I’ve used every Amazon Fire TV device there is. And I’ve used them a lot. And I won’t put up with mediocre hardware.
Amazon Fire TV Stick 4K
The specs you need at a great price
- Hits all the specs you want
- Great price
- Improved remote control
- Doesn’t have every streaming app
It’s actually pretty hard to find something bad to say about the Amazon Fire TV Stick 4K. It’s got all the specs you want to see — 4K resolution, HDR10, Dolby Atmos and Dolby Vision. It has access to nearly every streaming service you could want, and the vast Amazon App Store. All that’s missing is native support for YouTube and YouTube TV.
Amazon Fire TV Cube
It’s like if Fire TV and Amazon Echo had a baby
- Has hands-free Amazon Alexa
- Same great Fire TV experience
- That hands-free Alexa support is expensive
- Lacks Dolby Vision HDR support
The Fire TV Cube adds a microphone array for hands-free Amazon Alexa voice control. But it does so at a 142 percent markup, and that’s a pretty high price to stomach — especially since it’s lacking support for Dolby Vision.
It’s an easy decision — how badly do you want hands-free Alexa support build into a Fire TV? (And how much do you want to pay for it?)
Don’t overthink this one
For all intents and purposes, the Amazon Fire TV Stick 4K and the Amazon Fire TV Cube do the same thing. They turn your TV into a portal for Amazon Prime Video, along with apps and games and music — pretty much everything you’d want in a smart TV box, right?
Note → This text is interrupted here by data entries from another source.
text \<open>Continuity of a section (product topology = coordinatewise).\<close>
definition cont_sec :: "'a::topological_space set \<Rightarrow> ('a \<Rightarrow> ('n list \<Rightarrow> complex)) \<Rightarrow> bool" where
  "cont_sec S G \<longleftrightarrow> (\<forall>l. continuous_on S (\<lambda>x. G x l))"

definition End_section :: "('a::topological_space \<Rightarrow> 'a) \<Rightarrow> ('a \<Rightarrow> ('n \<Rightarrow> complex) set) \<Rightarrow> nat \<Rightarrow> 'a set
     \<Rightarrow> ('a \<Rightarrow> ('n list \<Rightarrow> complex) \<Rightarrow> ('n list \<Rightarrow> complex)) \<Rightarrow> bool" where
  "End_section \<alpha> L n S \<sigma> \<longleftrightarrow>
     (\<forall>x\<in>S. (\<forall>u\<in>Dfib \<alpha> L n x. \<sigma> x u \<in> Dfib \<alpha> L n x) \<and>
        (\<forall>u\<in>Dfib \<alpha> L n x. \<forall>v\<in>Dfib \<alpha> L n x. \<forall>c.
            \<sigma> x (\<lambda>l. c * u l + v l) = (\<lambda>l. c * \<sigma> x u l + \<sigma> x v l))) \<and>
     (\<forall>v. cont_sec S v \<and> (\<forall>y\<in>S. v y \<in> Dfib \<alpha> L n y) \<longrightarrow> cont_sec S (\<lambda>y. \<sigma> y (v y)))"

definition subdiag :: "('a \<Rightarrow> 'a) \<Rightarrow> ('a \<Rightarrow> ('n \<Rightarrow> complex) set) \<Rightarrow> nat \<Rightarrow> nat \<Rightarrow> 'a set
     \<Rightarrow> ('a \<Rightarrow> ('n list \<Rightarrow> complex) \<Rightarrow> ('n list \<Rightarrow> complex)) \<Rightarrow> bool" where
  "subdiag \<alpha> L r m S \<sigma> \<longleftrightarrow> (\<forall>x\<in>S. \<forall>i<r. \<forall>v\<in>fib \<alpha> L i x.
      (if i + m < r then \<sigma> x v \<in> fib \<alpha> L (i + m) x else \<sigma> x v = (\<lambda>l. 0)))"

definition coef :: "('a \<Rightarrow> 'a) \<Rightarrow> ('a \<Rightarrow> ('n \<Rightarrow> complex) set) \<Rightarrow> nat \<Rightarrow> nat
     \<Rightarrow> ('a \<Rightarrow> ('n list \<Rightarrow> complex) \<Rightarrow> ('n list \<Rightarrow> complex)) \<Rightarrow> nat \<Rightarrow> 'a \<Rightarrow> ('n list \<Rightarrow> complex)" where
  "coef \<alpha> L r m \<sigma> i x = (if i + m < r then
      (THE w. w \<in> fib \<alpha> L m ((\<alpha> ^^ i) x) \<and> (\<forall>v\<in>fib \<alpha> L i x. \<sigma> x v = tens i w v))
     else (\<lambda>l. 0))"

definition rY :: "('a \<Rightarrow> 'a) \<Rightarrow> 'a set \<Rightarrow> 'a \<Rightarrow> nat" where
  "rY \<alpha> Y y = (LEAST n. 1 \<le> n \<and> (\<alpha> ^^ n) y \<in> Y)"

text \<open>The set of return times {r_1 < ... < r_K}; sets Y_k are indexed by the value r_k.\<close>
definition Rset :: "('a \<Rightarrow> 'a) \<Rightarrow> 'a set \<Rightarrow> nat set" where
  "Rset \<alpha> Y = rY \<alpha> Y ` Y"

definition Ysub :: "('a \<Rightarrow> 'a) \<Rightarrow> 'a set \<Rightarrow> nat \<Rightarrow> 'a set" where
  "Ysub \<alpha> Y n = {y \<in> Y. rY \<alpha> Y y = n}"

definition bdp :: "('a::topological_space \<Rightarrow> 'a) \<Rightarrow> ('a \<Rightarrow> ('n \<Rightarrow> complex) set) \<Rightarrow> 'a set
     \<Rightarrow> (nat \<Rightarrow> 'a \<Rightarrow> ('n list \<Rightarrow> complex) \<Rightarrow> ('n list \<Rightarrow> complex)) \<Rightarrow> bool" where
  "bdp \<alpha> L Y \<sigma> \<longleftrightarrow> (\<forall>n\<in>Rset \<alpha> Y. \<forall>x \<in> closure (Ysub \<alpha> Y n) - Ysub \<alpha> Y n.
     \<exists>ts. set ts \<subseteq> Rset \<alpha> Y \<and> (\<forall>t\<in>set ts. t < n) \<and> sum_list ts = n \<and>
       (\<forall>s<length ts. (\<alpha> ^^ sum_list (take s ts)) x \<in> Ysub \<alpha> Y (ts ! s)) \<and>
       (\<forall>s<length ts. \<forall>u\<in>Dfib \<alpha> L (ts ! s) ((\<alpha> ^^ sum_list (take s ts)) x).
          \<forall>w\<in>fib \<alpha> L (sum_list (take s ts)) x.
            \<sigma> n x (tens (sum_list (take s ts)) u w) =
            tens (sum_list (take s ts)) (\<sigma> (ts ! s) ((\<alpha> ^^ sum_list (take s ts)) x) u) w))"

end

theory Submission
  imports Defs
begin

text \<open>Every point \<open>x\<close> lies on exactly one level of the Kakutani-Rokhlin towers over \<open>Y\<close>:
  \<open>x = \<alpha>^j z\<close> with \<open>z \<in> Y\<close> the last visit of the backward orbit of \<open>x\<close> to \<open>Y\<close> and \<open>j < r_Y(z)\<close>;
  put \<open>G(x) = \<sigma>^(j)(z)\<close>. At a boundary point \<open>y\<close> of \<open>Y_k\<close> the boundary decomposition makes
  \<open>\<sigma>_k(y)\<close> block diagonal, the blocks being \<open>\<sigma>_t\<close> at later points of the orbit, so each coefficient
  of \<open>\<sigma>_k(y)\<close> is one of a block, i.e. a value of \<open>G\<close>. Hence \<open>G = \<sigma>_k^(i) \<circ> \<alpha>^-i\<close> on each of the
  sets \<open>\<alpha>^i(closure Y_k)\<close>; by minimality and compactness the return times are bounded, so these are
  finitely many closed sets covering \<open>X\<close>. Coefficients of a continuous endomorphism section are
  continuous, so \<open>G\<close> is continuous by pasting. If \<open>\<alpha>^j x \<in> Y\<close> with \<open>1 \<le> j \<le> m\<close>, then \<open>x\<close> lies in
  the top \<open>m\<close> levels of its tower, where the \<open>m\<close>-th subdiagonal coefficients vanish.\<close>

section \<open>Fibres of the tensor powers\<close>

lemma tens_assoc: "tens R (tens j a b) c = tens (R + j) a (tens R b c)"
  unfolding tens_def by (auto simp: fun_eq_iff take_drop drop_drop take_take add.commute)

lemma tens_scale_left: "tens k (\<lambda>l. c * w l) v = (\<lambda>l. c * tens k w v l)"
  by (simp add: tens_def fun_eq_iff)

lemma tens_scale_right: "tens k w (\<lambda>l. c * v l) = (\<lambda>l. c * tens k w v l)"
  by (simp add: tens_def fun_eq_iff)

lemma tens_zero_left [simp]: "tens k (\<lambda>l. 0) v = (\<lambda>l. 0)"
  by (simp add: tens_def fun_eq_iff)

lemma tens_append: "length l0 = i \<Longrightarrow> tens i w v (l0 @ l) = w l * v l0"
  by (simp add: tens_def)

lemma tens_right_cancel:
  assumes "length l0 = i" "e l0 \<noteq> 0" "tens i w e = tens i w' e"
  shows "w = w'"
proof
  fix l
  have "tens i w e (l0 @ l) = tens i w' e (l0 @ l)" using assms(3) by simp
  then show "w l = w' l" using assms(1,2) by (simp add: tens_append)
qed

lemma lift1_scale: "lift1 (\<lambda>i. c * w i) = (\<lambda>l. c * lift1 w l)"
  by (auto simp: fun_eq_iff lift1_def split: list.split)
Both of these devices have support for 4K UHD resolutions. That’s important for pretty much any new TV you buy today. They differ a bit when it comes to other features, though.
|Category||Fire TV Cube||Fire TV Gen. 3||Fire TV Stick|
|Max resolution||2160p (4K)||2160p (4K)||1080p|
|Operating system||Fire OS 6 (Android 7.1)||Fire OS 6 (Android 7.1)||Fire OS 5 (Android 5.1)|
|Processor||Amlogic S905Z||Amlogic S905Z||Mediatek 8127D|
|GPU||Mali-450 MP3||Mali-450 MP3||Mali-450 MP4|
|Bluetooth||BT 4.2||BT 4.2||BT 4.1|
|Ethernet||Adapter included||Optional adapter||No|
|Amazon Alexa||Built in||Via voice remote||Via voice remote|
|See at Amazon||$119||$69||$39|
The Fire TV Stick 4K is the first (and for now, only) Fire TV device that supports Dolby Vision for HDR. (That’s high dynamic range, and it basically makes your video look better. Colors are brighter and pop more, and darks are darker.) The Fire TV Cube does HDR with the open-source HDR 10 standard, and it’s OK. But it’s not as good as Dolby Vision.
The Fire TV Cube’s differentiator is that it’s got a microphone array built in, for hands-free access to Amazon Alexa. (The Fire TV Stick 4K also talks to Alexa, but first you’ll have to hit a button on its remote control.) That’s a big deal if you just have to have Fire TV and Alexa built into the same box. But it comes at a pretty big premium — $119, versus $49 for the Fire TV Stick 4K. And, in fact, you can bundle a Fire TV Stick 4K with a current-generation Amazon Echo Dot for just $79, making the Fire TV Cube that much of a tougher sell.
Both devices are shipping with the new-and-improved Fire TV voice remote.
Fire TV Stick 4K
The right choice
Get this if you don’t like wasting money
The Amazon Fire TV Stick 4K has all the features and specs that you need, and none of the stuff you don’t. And it still costs less than $50.
Fire TV Cube
More expensive, less good
If you just have to have hands-free Alexa
The Fire TV Cube is more than twice as expensive, lacks Dolby Vision for HDR, but has hands-free Alexa built in. But you can do better for less with an Echo Dot.